With the enhancement operation by the centre bias factor, the saliency values of center regions in images would increase, while with the enhancement operation by human visual acuity, the saliency values of non-salient regions in natural scenes would decrease and the saliency map would get visually better.
Q3. How many low-frequency AC coefficients are used to normalize the feature contrast?
Since texture feature is represented as 9 low-frequency AC coefficients, the authors calculate the feature contrast from texture by the L2 norm.
Q4. How to build a 3D saliency detection model?
Another method of 3D saliency detection model is built by incorporating depth saliency map into the traditional 2D saliency detection methods.
Q5. How does the DC coefficient of patches in depth map work?
Similar with feature extraction for color and luminance, the authors adopt the DC coefficients of patches in depth map calculated in Eq. (1) as D = MDC (MDC represents the DC coefficient of the image patch in depth map M).
Q6. How many low-frequency AC coefficients are used to represent the texture feature of an image patch?
Based on the study [35], the authors use the first 9 low-frequency AC coefficients to represent the texture feature for each image patch as T = {YAC1, YAC2, . . . , YAC9}.
Q7. What are the measures used to evaluate the performance of the proposed stereoscopic saliency?
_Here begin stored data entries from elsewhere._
lemma V_inv_pos_double: "\<exists>B\<ge>1. \<forall>t>0. V (inv_pos \<phi> (2 * t)) \<le> B * V (inv_pos \<phi> t)"
proof (intro exI[of _ "max 1 (c2 * (2 / c3) powr (d2 / d3))"] conjI allI impI)
  fix t :: real
  assume "0 < t"
  define s R where "s = inv_pos \<phi> t" and "R = inv_pos \<phi> (2 * t)"
  have s: "0 < s" "0 < V s" "\<phi> s = t"
    using inv_pos_pos phi_inv_pos V_pos \<open>0 < t\<close> unfolding s_def by auto
  have R: "0 < R" "\<phi> R = 2 * t"
    using inv_pos_pos phi_inv_pos \<open>0 < t\<close> unfolding R_def by auto
  have "V R \<le> c2 * (2 / c3) powr (d2 / d3) * V s" if "s < R"
  proof -
    have "c3 * (R / s) powr d3 \<le> 2"
      using power_growth_lower[OF phi_growth s(1) that] s R phi_pos \<open>0 < t\<close> by simp
    then have ratio: "(R / s) powr d3 \<le> 2 / c3"
      using \<open>0 < t\<close> growth_constants_pos by (simp add: field_simps)
    have "V R \<le> c2 * (R / s) powr d2 * V s"
      by (rule power_growth_upper[OF V_growth s(1) that s(2)])
    also have "(R / s) powr d2 = ((R / s) powr d3) powr (d2 / d3)"
      using growth_constants_pos by (simp add: powr_powr)
    also have "\<dots> \<le> (2 / c3) powr (d2 / d3)"
      using ratio growth_constants_pos by (intro powr_mono2) auto
    finally show ?thesis
      using c2_pos s(2) by (simp add: mult_right_mono)
  qed
  moreover have "V R \<le> V s" if "R \<le> s"
    using V_le[OF R(1) that] .
  moreover have "V s \<le> max 1 (c2 * (2 / c3) powr (d2 / d3)) * V s"
    and "c2 * (2 / c3) powr (d2 / d3) * V s \<le> max 1 (c2 * (2 / c3) powr (d2 / d3)) * V s"
    using s(2) by (auto intro: mult_right_mono)
  ultimately show "V R \<le> max 1 (c2 * (2 / c3) powr (d2 / d3)) * V s"
    by fastforce
qed simp

end

locale heat_kernel = scale_functions +
  fixes \<mu> :: "'a::metric_space measure" and p :: "real \<Rightarrow> 'a \<Rightarrow> 'a \<Rightarrow> real" and c :: real
  assumes sets_\<mu>: "sets \<mu> = sets borel"
    and c_ge_1: "1 \<le> c"
    and p_lower: "\<And>t x y. 0 < t \<Longrightarrow> hk_scale V \<phi> t (dist x y) / c \<le> p t x y"
    and p_upper: "\<And>t x y. 0 < t \<Longrightarrow> p t x y \<le> c * hk_scale V \<phi> t (dist x y)"
    and p_integrable: "\<And>t x. 0 < t \<Longrightarrow> integrable \<mu> (p t x)"
    and p_integral_le_1: "\<And>t x. 0 < t \<Longrightarrow> (\<integral>y. p t x y \<partial>\<mu>) \<le> 1"
    \<comment> \<open>only sub-Markovian: the process may have finite lifetime\<close>
begin

lemma sets_cball [measurable]: "cball x r \<in> sets \<mu>"
  using sets_\<mu> by simp

lemma p_nonneg:
  assumes "0 < t"
  shows "0 \<le> p t x y"
proof -
  have "0 < hk_scale V \<phi> t (dist x y) / c"
    using hk_scale_pos[OF assms] c_ge_1 by simp
  then show ?thesis using p_lower[OF assms, of x y] by linarith
qed

lemma p_le_diag:
  assumes "0 < t"
  shows "p t x y \<le> c / V (inv_pos \<phi> t)"
proof -
  have "p t x y \<le> c * hk_scale V \<phi> t (dist x y)" using p_upper[OF assms] .
  also have "\<dots> \<le> c * (1 / V (inv_pos \<phi> t))"
    using c_ge_1 by (intro mult_left_mono) (auto simp: hk_scale_def)
  finally show ?thesis by simp
qed

lemma p_ge_near_diag:
  assumes "0 < t" "dist x y \<le> inv_pos \<phi> t"
  shows "1 / (c * V (inv_pos \<phi> t)) \<le> p t x y"
  using p_lower[OF assms(1), of x y] hk_scale_near_diag[OF assms(1) _ assms(2)]
  by (simp add: mult.commute)

lemma p_le_off_diag:
  assumes "0 < t" "inv_pos \<phi> t \<le> dist x y"
  shows "p t x y \<le> c / V (dist x y)"
proof -
  have "p t x y \<le> c * hk_scale V \<phi> t (dist x y)" using p_upper[OF assms(1)] .
  also have "\<dots> \<le> c * (1 / V (dist x y))"
    using hk_scale_off_diag[OF assms] c_ge_1 by (intro mult_left_mono) auto
  finally show ?thesis by simp
qed

lemma set_integrable_p: "0 < t \<Longrightarrow> A \<in> sets \<mu> \<Longrightarrow> set_integrable \<mu> A (p t x)"
  unfolding set_integrable_def by (rule integrable_mult_indicator) (auto intro: p_integrable)

lemma set_integral_p_le_1:
  assumes "0 < t" "A \<in> sets \<mu>"
  shows "(\<integral>y\<in>A. p t x y \<partial>\<mu>) \<le> 1"
proof -
  have "(\<integral>y\<in>A. p t x y \<partial>\<mu>) \<le> (\<integral>y. p t x y \<partial>\<mu>)"
    using set_integrable_p[OF assms] p_integrable[OF assms(1)] p_nonneg[OF assms(1)]
    unfolding set_integrable_def set_lebesgue_integral_def
    by (intro integral_mono) (auto simp: indicator_def)
  then show ?thesis using p_integral_le_1[OF assms(1), of x] by linarith
qed

lemma
  assumes "0 < \<rho>"
  shows emeasure_cball_finite: "emeasure \<mu> (cball x \<rho>) < \<infinity>"
    and measure_cball_le: "measure \<mu> (cball x \<rho>) \<le> c * V \<rho>"
proof -
  have t: "0 < \<phi> \<rho>" "inv_pos \<phi> (\<phi> \<rho>) = \<rho>"
    using phi_pos inv_pos_phi assms by auto
  have lower: "1 / (c * V \<rho>) \<le> p (\<phi> \<rho>) x y" if "y \<in> cball x \<rho>" for y
    using p_ge_near_diag[OF t(1), of x y] that t by simp
  have "0 < 1 / (c * V \<rho>)" using c_ge_1 V_pos[OF assms] by simp
  note bound = set_integral_ge_const[OF sets_cball set_integrable_p[OF t(1) sets_cball] this]
  show "emeasure \<mu> (cball x \<rho>) < \<infinity>"
    using bound(1) lower by blast
  have "1 / (c * V \<rho>) * measure \<mu> (cball x \<rho>) \<le> (\<integral>y\<in>cball x \<rho>. p (\<phi> \<rho>) x y \<partial>\<mu>)"
    using bound(2) lower by blast
  then have "1 / (c * V \<rho>) * measure \<mu> (cball x \<rho>) \<le> 1"
    using set_integral_p_le_1[OF t(1) sets_cball] by (meson order.trans)
  then show "measure \<mu> (cball x \<rho>) \<le> c * V \<rho>"
    using c_ge_1 V_pos[OF assms] by (simp add: field_simps)
qed

lemma cball_integral_le:
  assumes "0 < r" "0 < t"
  shows "(\<integral>y\<in>cball x r. p t x y \<partial>\<mu>) \<le> c\<^sup>2 * min 1 (V r / V (inv_pos \<phi> t))"
proof -
  have Vt: "0 < V (inv_pos \<phi> t)" using V_pos inv_pos_pos assms(2) by simp
  have "(\<integral>y\<in>cball x r. p t x y \<partial>\<mu>) \<le> c / V (inv_pos \<phi> t) * measure \<mu> (cball x r)"
    using set_integral_le_const[OF sets_cball emeasure_cball_finite[OF assms(1)]
        set_integrable_p[OF assms(2) sets_cball] p_le_diag[OF assms(2)]] .
  also have "\<dots> \<le> c / V (inv_pos \<phi> t) * (c * V r)"
    using measure_cball_le[OF assms(1)] c_ge_1 Vt by (intro mult_left_mono) auto
  also have "\<dots> = c\<^sup>2 * (V r / V (inv_pos \<phi> t))"
    by (simp add: power2_eq_square)
  finally have "(\<integral>y\<in>cball x r. p t x y \<partial>\<mu>) \<le> c\<^sup>2 * (V r / V (inv_pos \<phi> t))" .
  moreover have "(\<integral>y\<in>cball x r. p t x y \<partial>\<mu>) \<le> c\<^sup>2 * 1"
    using set_integral_p_le_1[OF assms(2) sets_cball[of x r], of x] one_le_power[OF c_ge_1, of 2]
    by linarith
  ultimately show ?thesis by (simp add: min_def)
qed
Among these measures, PLCC andKLD are calculated directly from the comparison between the fixation density map and the predicted saliency map, while AUC is computed from the comparison between the actual gaze points and the predicted saliency map.
Q8. What are the performance values of the proposed saliency map?
Compared with feature maps from these low-level features of color, luminance, texture and depth, the final saliency map calculated from the proposed fusion method can get much better performance for saliency estimation for 3D images, as shown by the PLCC, KLD and AUC values in Table I.
Q9. What is the retina eccentricity between the salient pixel and nonsalient pixel?
The retina eccentricity e between the salient pixel and nonsalient pixel can be computed according to its relationship with spatial distance between image pixels.
Q10. What is the proposed saliency detection model?
The proposed 3D saliency detection model can obtain promising performance for saliency estimation for 3D images, as shown in the experiment section.